Company A (which markets computer software) and company B (which runs a computer training college) enter into
Question:
Company A (which markets computer software) and company B (which runs a
computer training college) enter into an agreement to form a new company,
company C. Company C is to provide onsite computer training for retail businesses
that use company A's software. Sharon (a director of company A) and Lynda (a
director of company B) are authorized by the boards of directors of their respective
companies to, as a matter of urgency, take whatever steps are necessary to form
company C and to secure training contracts on its behalf.
Sharon and Lynda instruct solicitors to register a company. More quickly than they
anticipate, they manage to attract a large training job from company Y. Purportedly
on behalf of company C, they execute a contract with company Y. They have told the
company Y representatives that company C is not yet registered. The parties agree
to include a clause that provides that if company C (or a company reasonably
identifiable with it) is not registered within two months of the date of the contract,
then company Y can rescind the contract.
Consider these facts in the light of each of the following scenarios and questions.
1. Assume company C is registered a month after the contract is executed. What
steps must Sharon and Lynda take to ensure that:
the contract with company Y is binding on company C; and
neither of them is personally liable for the actions of company C under the
contract.
2. Assume company C is not registered within the two-month period. What
remedies do company Y have and against whom?

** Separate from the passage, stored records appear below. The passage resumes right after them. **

text \<open>The element of \<open>xR\<close> realizing the value 21 has the extra term \<open>t^22\<close>.\<close>
lemma x_times_t15: "(fps_X ^ 6 + fps_X ^ 7) * fps_X ^ 15 = fps_X ^ 21 + (fps_X ^ 22 :: 'a::field fps)"
  by (simp add: distrib_right power_add[symmetric])

text \<open>\<open>t^22 = x t^15 - t^21\<close> with \<open>t^21 \<in> m^3\<close>, so \<open>22 \<in> v(m^3 + xR)\<close>.\<close>
lemma val22_in_sum: "22 \<in> vals (ideal_sum (mpow 3) (principal (fps_X ^ 6 + fps_X ^ 7 :: 'a::field fps)))"
proof -
  let ?x = "fps_X ^ 6 + fps_X ^ 7 :: 'a fps"
  have neg: "fps_const (-1) * fps_X ^ 21 = - (fps_X ^ 21 :: 'a fps)"
    by (metis fps_const_neg fps_const_1_eq_1 mult_minus1)
  have "fps_const (-1) * fps_X ^ 21 \<in> (mpow 3 :: 'a fps set)"
    by (rule monomial_in_mpow[OF Mexp_21])
  then have "- (fps_X ^ 21) \<in> (mpow 3 :: 'a fps set)" by (simp only: neg)
  moreover have "?x * fps_X ^ 15 \<in> principal ?x"
    by (intro mult_in_principal monomial_in_Rring Sgp_15)
  ultimately have "- (fps_X ^ 21) + ?x * fps_X ^ 15 \<in> ideal_sum (mpow 3) (principal ?x)"
    unfolding ideal_sum_def by blast
  moreover have "- (fps_X ^ 21) + ?x * fps_X ^ 15 = fps_X ^ 22"
    by (simp add: x_times_t15)
  ultimately show ?thesis by (simp add: monomial_in_vals)
qed

lemma val22_notin_mpow3: "22 \<notin> vals (mpow 3 :: 'a::field fps set)"
  unfolding vals_mpow using Mexp_22[of 3] by simp

text \<open>Values of \<open>xR\<close> are \<open>6 + v(r)\<close> with \<open>v(r)\<close> in the semigroup, and 16 is a gap.\<close>
lemma val22_notin_principal_x: "22 \<notin> vals (principal (fps_X ^ 6 + fps_X ^ 7 :: 'a::field fps))"
proof
  assume "22 \<in> vals (principal (fps_X ^ 6 + fps_X ^ 7 :: 'a fps))"
  then obtain r :: "'a fps" where r: "r \<in> Rring" "(fps_X ^ 6 + fps_X ^ 7) * r \<noteq> 0"
      "subdegree ((fps_X ^ 6 + fps_X ^ 7) * r) = 22"
    unfolding vals_principal by blast
  then have "r \<noteq> 0" by auto
  then have "subdegree r = 16" using r(3) subdegree_x_mult[of r] by simp
  then have "16 \<in> Sgp" using subdegree_in_Sgp[OF r(1) \<open>r \<noteq> 0\<close>] by simp
  with Sgp_16 show False by contradiction
qed

text \<open>Every \<open>a \<in> xR\<close> with \<open>v(a) = 21\<close> has \<open>ord(a) < 3 = vord(21)\<close>.\<close>
lemma not_ess_divisible_x: "\<not> ess_divisible (fps_X ^ 6 + fps_X ^ 7 :: 'a::field fps)"
proof
  let ?x = "fps_X ^ 6 + fps_X ^ 7 :: 'a fps"
  assume ess: "ess_divisible ?x"
  have "fps_X ^ 15 \<in> (Rring :: 'a fps set)" by (rule monomial_in_Rring[OF Sgp_15])
  moreover have "subdegree (?x * fps_X ^ 15) = 21"
    using subdegree_x_mult[of "fps_X ^ 15 :: 'a fps"] by (simp add: fps_X_power_subdegree)
  moreover have "?x * fps_X ^ 15 \<noteq> 0" using x_nonzero by simp
  ultimately have "21 \<in> vals (principal ?x)" unfolding vals_principal by blast
  then obtain a where a: "a \<in> principal ?x" "a \<noteq> 0" "subdegree a = 21"
    "ordm a = vordm TYPE('a) 21" using ess unfolding ess_divisible_def by blast
  then obtain r where r: "r \<in> Rring" "a = ?x * r" "r \<noteq> 0" unfolding principal_def by auto
  then have "subdegree r = 15" using a(3) subdegree_x_mult[OF r(3)] by simp
  then have "fps_nth r 15 \<noteq> 0" "fps_nth r 16 = 0"
    using r(1,3) nth_subdegree_nonzero[of r] Rring_nth_16 by auto
  then have a22: "fps_nth a 22 \<noteq> 0" using x_mult_nth22[of r] r(2) by simp
  have "a \<in> mpow (Suc 0)"
    unfolding mpow.simps r(2) by (rule ideal_prod.prod[OF x_in_mideal r(1)])
  then have "22 \<in> Mexp (ordm a)" using ordm_exponent a22 by blast
  then have "ordm a < 3" using Mexp_22 not_less by blast
  then show False using a(4) vordm_21[where 'a='a] by simp
qed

3. Assume Sharon and Lynda do procure the registration of company C. Company
A, company B and two individuals, C and D, become its shareholders. Sharon and
Lynda organize the transfer of assets from their own company, company
SL, to company C at grossly inflated values. Company C becomes insolvent and
a liquidator is appointed. Once registered, neither Sharon and Lynda have taken
any role in the management of company C. Despite this, what remedies might the
liquidator still pursue against Sharon and Lynda?